Further negotiations took place on this crucial point between the shipowners' Parliamentary committee and the representatives of the dock authorities, and in the end the matter was settled by an exchange of letters in which the dock authorities undertook to give the matter their consideration with a view to seeing what assistance could be given to ship owners by way of providing receptacles. This was accepted by the shipowners as satisfactory, and the main point of difference between the parties was thus removed. The arrangement which satisfied the shipowners ought to be good enough for the oil companies. The oil companies' representatives on the Board of Trade Committee were furnished with copies of the correspondence in July, 1921.

I believe that Lord Bearsted's opposition to the Bill has been due to a misunderstanding, as he was not aware of the negotiations that had taken place about the provision of barges. He was under the impression that the Bill meant that ships would have to go down the river and outside the three-mile limit to get rid of their oily water. This, he thought, would cause great inconvenience and expense, and would be damaging to trade. I could read the letters which passed later on between the different authorities by which this business was satisfactorily arranged; if your Lordships so desire.

NOBLE LORDS

No.

LORD SOMERLEYTON

This friendly settlement is the necessary complement to the Bill, as every one agrees that the only way of curing the evil is to induce the master of an oil steamer to regard it as part of his regular business to deposit his oil in barges provided for the purpose. Without this agreement the Bill cannot be properly understood. Efforts were made to have this agreement, or the substance of it, put into the Bill, so as to have the whole thing in one document, but the dock companies strongly objected to be put under a statutory obligation to provide barges for a nuisance brought to their waters by a certain class of shipowners owing to a new development in trade. There is a good deal to be said for their argument, and if the barges are, in fact, provided it does not matter much whether the provision is made compulsorily or voluntarily. The oil companies are only interested in this matter in their capacity as shipowners, and if they decline to adhere to the arrangement made by their fellow shipowners I think that they ought at least to have given us the reasons why an arrangement which was good enough for the Chamber of Shipping is not good enough for them.

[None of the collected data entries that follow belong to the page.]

lemma graded_galois_h_injective:
  "graded_galois A Bg G \<Longrightarrow> \<forall>g\<in>G. galois_h z g = 0 \<Longrightarrow> z \<in> tensor_rel A"
  by (simp add: graded_galois_def)

lemma graded_galois_h_surjective:
  "graded_galois A Bg G \<Longrightarrow> \<exists>z. \<forall>g\<in>G. galois_h z g = f g"
  by (simp add: graded_galois_def)

lemma scale_left_eq_scale_right:
  assumes "graded_galois A Bg G" and "\<forall>g\<in>G. g \<noteq> id \<longrightarrow> galois_h z g = 0"
  shows "tensor_scale_left b z - tensor_scale_right b z \<in> tensor_rel A"
proof -
  have "galois_h (tensor_scale_left b z - tensor_scale_right b z) g = 0" if g: "g \<in> G" for g
  proof -
    have "is_ring_aut g" using graded_galois_ring_aut[OF assms(1) g] .
    then have "galois_h (tensor_scale_left b z - tensor_scale_right b z) g = (b - g b) * galois_h z g"
      by (simp add: galois_h_diff galois_h_scale_left galois_h_scale_right left_diff_distrib)
    then show ?thesis using assms(2) g by (cases "g = id") simp_all
  qed
  then show ?thesis using graded_galois_h_injective[OF assms(1)] by blast
qed

text \<open>Only the degree q component of the right factor is kept, which is A-balanced because A
  lies in degree 0; moving the degree n element b across the tensor sign then shifts q by n.\<close>

lemma tensor_homog_comp_shift:
  assumes gr: "is_Z_grading Bg" and A0: "A \<subseteq> Bg 0" and b: "b \<in> Bg n"
    and comm: "tensor_scale_left b z - tensor_scale_right b z \<in> tensor_rel A"
  shows "b * tensor_lift (\<lambda>p. fst p * homog_comp Bg (snd p) q) z
       = b * tensor_lift (\<lambda>p. fst p * homog_comp Bg (snd p) (q - n)) z"
proof -
  let ?F = "\<lambda>p. fst p * homog_comp Bg (snd p) q"
  have "tensor_lift ?F (tensor_scale_left b z - tensor_scale_right b z) = 0"
    using comm
  proof (rule tensor_lift_tensor_rel)
    show "\<And>a x y. a \<in> A \<Longrightarrow> ?F (x * a, y) = ?F (x, a * y)"
      using homog_comp_mult_homog[OF gr] A0 by (auto simp: mult_ac)
  qed (simp_all add: homog_comp_add[OF gr] algebra_simps)
  then show ?thesis
    by (simp add: tensor_lift_diff tensor_lift_scale_left tensor_lift_scale_right
        homog_comp_mult_homog[OF gr b] mult.left_commute tensor_lift_cmult mult.assoc)
qed

lemma periodic_finite_support_zero:
  fixes f :: "int \<Rightarrow> 'a::zero"
  assumes "n \<noteq> 0" and periodic: "\<And>q. f q = f (q - n)" and "finite {q. f q \<noteq> 0}"
  shows "f q = 0"
proof -
  have shift: "f q = f (q - int k * n)" for k
  proof (induction k)
    case (Suc k)
    then show ?case using periodic[of "q - int k * n"] by (simp add: algebra_simps)
  qed simp
  have "inj (\<lambda>k::nat. q - int k * n)"
    using assms(1) by (auto simp: inj_def)
  then have "\<not> range (\<lambda>k::nat. q - int k * n) \<subseteq> {q. f q \<noteq> 0}"
    using assms(3) finite_imageD finite_subset infinite_UNIV_nat by blast
  then show ?thesis using shift by auto
qed

lemma homog_mult_contraction_zero:
  assumes gr: "is_Z_grading Bg" and A0: "A \<subseteq> Bg 0" and n: "n \<noteq> 0" and b: "b \<in> Bg n"
    and comm: "tensor_scale_left b z - tensor_scale_right b z \<in> tensor_rel A"
  shows "b * tensor_lift (\<lambda>p. fst p * snd p) z = 0"
proof -
  define s where "s q = tensor_lift (\<lambda>p. fst p * homog_comp Bg (snd p) q) z" for q
  define Q where "Q = (\<Union>p\<in>Poly_Mapping.keys z. {m. homog_comp Bg (snd p) m \<noteq> 0})"
  have Q: "finite Q" unfolding Q_def by (simp add: finite_homog_support[OF gr])
  have "s q = 0" if "q \<notin> Q" for q
    using that unfolding s_def Q_def tensor_lift_def by (auto intro!: sum.neutral)
  then have "{q. b * s q \<noteq> 0} \<subseteq> Q"
    by (metis (mono_tags) mem_Collect_eq mult_zero_right subsetI)
  moreover have "b * s q = b * s (q - n)" for q
    unfolding s_def by (rule tensor_homog_comp_shift[OF gr A0 b comm])
  ultimately have "b * s q = 0" for q
    using periodic_finite_support_zero[OF n, of "\<lambda>q. b * s q"] Q finite_subset by blast
  moreover have "(\<Sum>q\<in>Q. s q) = tensor_lift (\<lambda>p. fst p * snd p) z"
    unfolding s_def by (rule tensor_lift_homog_comp_sum[OF gr Q]) (auto simp: Q_def)
  ultimately show ?thesis by (metis sum.neutral sum_distrib_left)
qed

theorem theorem3p2:
  fixes A :: "'b::comm_ring_1 set" and Bg :: "int \<Rightarrow> 'b set" and G :: "('b \<Rightarrow> 'b) set"
  assumes "is_Z_grading Bg"
    and "is_graded_subring A Bg"
    and "graded_galois A Bg G"
    and "\<forall>n. n \<noteq> 0 \<longrightarrow> A \<inter> Bg n = {0}"
  shows "\<forall>n. n \<noteq> 0 \<longrightarrow> Bg n = {0}"
proof (intro allI impI)
  fix n :: int assume n: "n \<noteq> 0"
  obtain z where hz: "\<forall>g\<in>G. galois_h z g = (if g = id then 1 else 0)"
    using graded_galois_h_surjective[OF assms(3), of "\<lambda>g. if g = id then 1 else 0"] by blast
  have A0: "A \<subseteq> Bg 0" using graded_subring_degree_zero[OF assms(2,4,1)] .
  have "b = 0" if b: "b \<in> Bg n" for b
  proof -
    have comm: "tensor_scale_left b z - tensor_scale_right b z \<in> tensor_rel A"
      using scale_left_eq_scale_right[OF assms(3)] hz by simp
    have "galois_h z id = 1"
      using hz assms(3) by (simp add: graded_galois_def)
    then have "b = b * tensor_lift (\<lambda>p. fst p * snd p) z"
      by (simp add: galois_h_eq_tensor_lift)
    also have "\<dots> = 0"
      by (rule homog_mult_contraction_zero[OF assms(1) A0 n b comm])
    finally show ?thesis .
  qed
  then show "Bg n = {0}" using grading_zero[OF assms(1)] by blast
qed

end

I do not think it is necessary for rue to allude further to the clauses of the Bill or to the Royal Navy, unless any noble Lord wishes to know why the Bill is not to be applicable to the Royal Navy. It is clear that the ships of tie Crown must be in a different position from, and cannot be open to inspection in the same way as, other ships. It is not necessary for me, I think, to go further into that. I would, however, mention that I believe this barge or receptacle question will be very much more easily settled than was thought. There are already in existence several ingenious devices for separating in the barges the oil from the water, one of which will, no doubt, be adopted. If the Bill is thrown out the nuisance will be continued and the workers' holidays throughout the country will be menaced and spoilt the waste continued, and the fishing endangered. If the Bill passes into law I venture to think that the nuisance will be abated and economy encouraged, and that we shall be able to enjoy our own seashores. I trust, therefore, that your Lordships will not accept the Amendment which has been moved.

LORD BEARSTED

My Lords, perhaps you will permit me to say a few words in reply to what has fallen from the noble Lord in charge of the Bill. I am very glad to see that every single measure I have advocated for getting rid of this trouble has been considered and adopted. The noble Lord would have saved the House a great deal of time and those who have watched the progress of this Bill a great deal of anxiety if he had been able to assure us before that proper receptacles would be provided, because then our difficulties would have been met. I am quite satisfied with the assurance he has given and I, therefore, ask the leave of your Lordships to withdraw my Amendment.

Amendment, by leave, withdrawn.

On Question, Bill read 2a, and committed to a Committee of the Whole House.